Task objective: Below are some records; return each one exactly as written.

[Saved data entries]
· · · ·

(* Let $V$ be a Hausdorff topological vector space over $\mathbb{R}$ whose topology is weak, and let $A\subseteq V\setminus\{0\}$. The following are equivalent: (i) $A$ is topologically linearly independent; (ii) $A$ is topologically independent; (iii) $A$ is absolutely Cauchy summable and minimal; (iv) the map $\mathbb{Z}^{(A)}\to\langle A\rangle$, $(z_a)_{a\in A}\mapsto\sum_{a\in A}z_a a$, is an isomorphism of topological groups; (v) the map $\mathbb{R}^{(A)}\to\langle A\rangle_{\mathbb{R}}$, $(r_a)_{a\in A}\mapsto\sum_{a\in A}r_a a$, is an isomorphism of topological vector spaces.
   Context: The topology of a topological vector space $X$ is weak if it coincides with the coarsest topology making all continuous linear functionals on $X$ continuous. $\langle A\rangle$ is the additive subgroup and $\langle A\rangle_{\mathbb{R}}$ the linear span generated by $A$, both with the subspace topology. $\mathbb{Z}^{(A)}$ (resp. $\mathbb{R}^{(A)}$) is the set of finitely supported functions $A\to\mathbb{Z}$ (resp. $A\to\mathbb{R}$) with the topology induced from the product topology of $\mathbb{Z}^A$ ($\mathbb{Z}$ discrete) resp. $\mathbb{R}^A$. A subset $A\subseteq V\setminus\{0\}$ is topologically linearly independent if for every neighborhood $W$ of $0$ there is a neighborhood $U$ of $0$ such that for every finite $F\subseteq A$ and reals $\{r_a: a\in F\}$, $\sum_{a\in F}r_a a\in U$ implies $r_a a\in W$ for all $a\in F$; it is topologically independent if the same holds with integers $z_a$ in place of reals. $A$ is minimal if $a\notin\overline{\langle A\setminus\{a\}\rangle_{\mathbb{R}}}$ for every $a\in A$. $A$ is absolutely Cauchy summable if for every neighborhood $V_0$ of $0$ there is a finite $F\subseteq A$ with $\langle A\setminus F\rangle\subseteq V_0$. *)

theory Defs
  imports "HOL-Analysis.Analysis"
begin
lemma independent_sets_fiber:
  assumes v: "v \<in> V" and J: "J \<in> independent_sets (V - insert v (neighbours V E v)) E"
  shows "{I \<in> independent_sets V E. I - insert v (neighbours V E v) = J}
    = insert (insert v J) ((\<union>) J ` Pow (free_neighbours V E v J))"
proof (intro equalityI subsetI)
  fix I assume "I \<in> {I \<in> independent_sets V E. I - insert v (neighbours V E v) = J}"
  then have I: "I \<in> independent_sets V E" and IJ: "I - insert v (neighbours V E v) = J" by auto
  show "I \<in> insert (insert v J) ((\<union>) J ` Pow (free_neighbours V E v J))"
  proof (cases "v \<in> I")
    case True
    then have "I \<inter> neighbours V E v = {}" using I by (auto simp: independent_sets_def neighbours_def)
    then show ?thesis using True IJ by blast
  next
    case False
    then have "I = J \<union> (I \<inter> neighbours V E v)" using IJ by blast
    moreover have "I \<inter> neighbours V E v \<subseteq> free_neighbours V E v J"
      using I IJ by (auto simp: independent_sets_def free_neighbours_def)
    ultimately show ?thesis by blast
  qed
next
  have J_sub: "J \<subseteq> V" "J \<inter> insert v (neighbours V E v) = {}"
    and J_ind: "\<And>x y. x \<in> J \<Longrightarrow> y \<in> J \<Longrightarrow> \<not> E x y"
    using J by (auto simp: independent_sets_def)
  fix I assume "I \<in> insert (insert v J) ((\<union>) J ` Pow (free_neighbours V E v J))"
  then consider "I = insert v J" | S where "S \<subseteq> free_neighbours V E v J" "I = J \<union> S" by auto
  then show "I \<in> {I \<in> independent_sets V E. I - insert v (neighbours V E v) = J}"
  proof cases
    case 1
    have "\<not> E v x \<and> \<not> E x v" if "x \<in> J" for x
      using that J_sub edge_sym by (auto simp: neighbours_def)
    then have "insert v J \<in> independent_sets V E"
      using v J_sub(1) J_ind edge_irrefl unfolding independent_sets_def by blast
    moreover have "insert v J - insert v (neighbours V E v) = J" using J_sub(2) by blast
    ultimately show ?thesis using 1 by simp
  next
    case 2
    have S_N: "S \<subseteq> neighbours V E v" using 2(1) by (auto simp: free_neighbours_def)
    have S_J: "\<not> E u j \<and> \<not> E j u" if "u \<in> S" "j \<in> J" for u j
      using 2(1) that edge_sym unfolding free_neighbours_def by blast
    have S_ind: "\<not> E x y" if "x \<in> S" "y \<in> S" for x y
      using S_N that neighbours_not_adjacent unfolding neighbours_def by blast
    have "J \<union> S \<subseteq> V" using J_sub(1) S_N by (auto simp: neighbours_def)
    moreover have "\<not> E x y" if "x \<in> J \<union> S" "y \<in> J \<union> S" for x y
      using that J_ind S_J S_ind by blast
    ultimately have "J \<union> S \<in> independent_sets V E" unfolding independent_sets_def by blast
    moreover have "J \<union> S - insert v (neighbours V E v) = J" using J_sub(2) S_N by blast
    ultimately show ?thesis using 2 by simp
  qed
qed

· · · ·

Solved problem:
(* Let $V$ be a Hausdorff topological vector space over $\mathbb{R}$ whose topology is weak, and let $A\subseteq V\setminus\{0\}$. The following are equivalent: (i) $A$ is topologically linearly independent; (ii) $A$ is topologically independent; (iii) $A$ is absolutely Cauchy summable and minimal; (iv) the map $\mathbb{Z}^{(A)}\to\langle A\rangle$, $(z_a)_{a\in A}\mapsto\sum_{a\in A}z_a a$, is an isomorphism of topological groups; (v) the map $\mathbb{R}^{(A)}\to\langle A\rangle_{\mathbb{R}}$, $(r_a)_{a\in A}\mapsto\sum_{a\in A}r_a a$, is an isomorphism of topological vector spaces.
   Context: The topology of a topological vector space $X$ is weak if it coincides with the coarsest topology making all continuous linear functionals on $X$ continuous. $\langle A\rangle$ is the additive subgroup and $\langle A\rangle_{\mathbb{R}}$ the linear span generated by $A$, both with the subspace topology. $\mathbb{Z}^{(A)}$ (resp. $\mathbb{R}^{(A)}$) is the set of finitely supported functions $A\to\mathbb{Z}$ (resp. $A\to\mathbb{R}$) with the topology induced from the product topology of $\mathbb{Z}^A$ ($\mathbb{Z}$ discrete) resp. $\mathbb{R}^A$. A subset $A\subseteq V\setminus\{0\}$ is topologically linearly independent if for every neighborhood $W$ of $0$ there is a neighborhood $U$ of $0$ such that for every finite $F\subseteq A$ and reals $\{r_a: a\in F\}$, $\sum_{a\in F}r_a a\in U$ implies $r_a a\in W$ for all $a\in F$; it is topologically independent if the same holds with integers $z_a$ in place of reals. $A$ is minimal if $a\notin\overline{\langle A\setminus\{a\}\rangle_{\mathbb{R}}}$ for every $a\in A$. $A$ is absolutely Cauchy summable if for every neighborhood $V_0$ of $0$ there is a finite $F\subseteq A$ with $\langle A\setminus F\rangle\subseteq V_0$. *)

theory Defs
  imports "HOL-Analysis.Analysis"
begin
lemma independent_sets_fiber:
  assumes v: "v \<in> V" and J: "J \<in> independent_sets (V - insert v (neighbours V E v)) E"
  shows "{I \<in> independent_sets V E. I - insert v (neighbours V E v) = J}
    = insert (insert v J) ((\<union>) J ` Pow (free_neighbours V E v J))"
proof (intro equalityI subsetI)
  fix I assume "I \<in> {I \<in> independent_sets V E. I - insert v (neighbours V E v) = J}"
  then have I: "I \<in> independent_sets V E" and IJ: "I - insert v (neighbours V E v) = J" by auto
  show "I \<in> insert (insert v J) ((\<union>) J ` Pow (free_neighbours V E v J))"
  proof (cases "v \<in> I")
    case True
    then have "I \<inter> neighbours V E v = {}" using I by (auto simp: independent_sets_def neighbours_def)
    then show ?thesis using True IJ by blast
  next
    case False
    then have "I = J \<union> (I \<inter> neighbours V E v)" using IJ by blast
    moreover have "I \<inter> neighbours V E v \<subseteq> free_neighbours V E v J"
      using I IJ by (auto simp: independent_sets_def free_neighbours_def)
    ultimately show ?thesis by blast
  qed
next
  have J_sub: "J \<subseteq> V" "J \<inter> insert v (neighbours V E v) = {}"
    and J_ind: "\<And>x y. x \<in> J \<Longrightarrow> y \<in> J \<Longrightarrow> \<not> E x y"
    using J by (auto simp: independent_sets_def)
  fix I assume "I \<in> insert (insert v J) ((\<union>) J ` Pow (free_neighbours V E v J))"
  then consider "I = insert v J" | S where "S \<subseteq> free_neighbours V E v J" "I = J \<union> S" by auto
  then show "I \<in> {I \<in> independent_sets V E. I - insert v (neighbours V E v) = J}"
  proof cases
    case 1
    have "\<not> E v x \<and> \<not> E x v" if "x \<in> J" for x
      using that J_sub edge_sym by (auto simp: neighbours_def)
    then have "insert v J \<in> independent_sets V E"
      using v J_sub(1) J_ind edge_irrefl unfolding independent_sets_def by blast
    moreover have "insert v J - insert v (neighbours V E v) = J" using J_sub(2) by blast
    ultimately show ?thesis using 1 by simp
  next
    case 2
    have S_N: "S \<subseteq> neighbours V E v" using 2(1) by (auto simp: free_neighbours_def)
    have S_J: "\<not> E u j \<and> \<not> E j u" if "u \<in> S" "j \<in> J" for u j
      using 2(1) that edge_sym unfolding free_neighbours_def by blast
    have S_ind: "\<not> E x y" if "x \<in> S" "y \<in> S" for x y
      using S_N that neighbours_not_adjacent unfolding neighbours_def by blast
    have "J \<union> S \<subseteq> V" using J_sub(1) S_N by (auto simp: neighbours_def)
    moreover have "\<not> E x y" if "x \<in> J \<union> S" "y \<in> J \<union> S" for x y
      using that J_ind S_J S_ind by blast
    ultimately have "J \<union> S \<in> independent_sets V E" unfolding independent_sets_def by blast
    moreover have "J \<union> S - insert v (neighbours V E v) = J" using J_sub(2) S_N by blast
    ultimately show ?thesis using 2 by simp
  qed
qed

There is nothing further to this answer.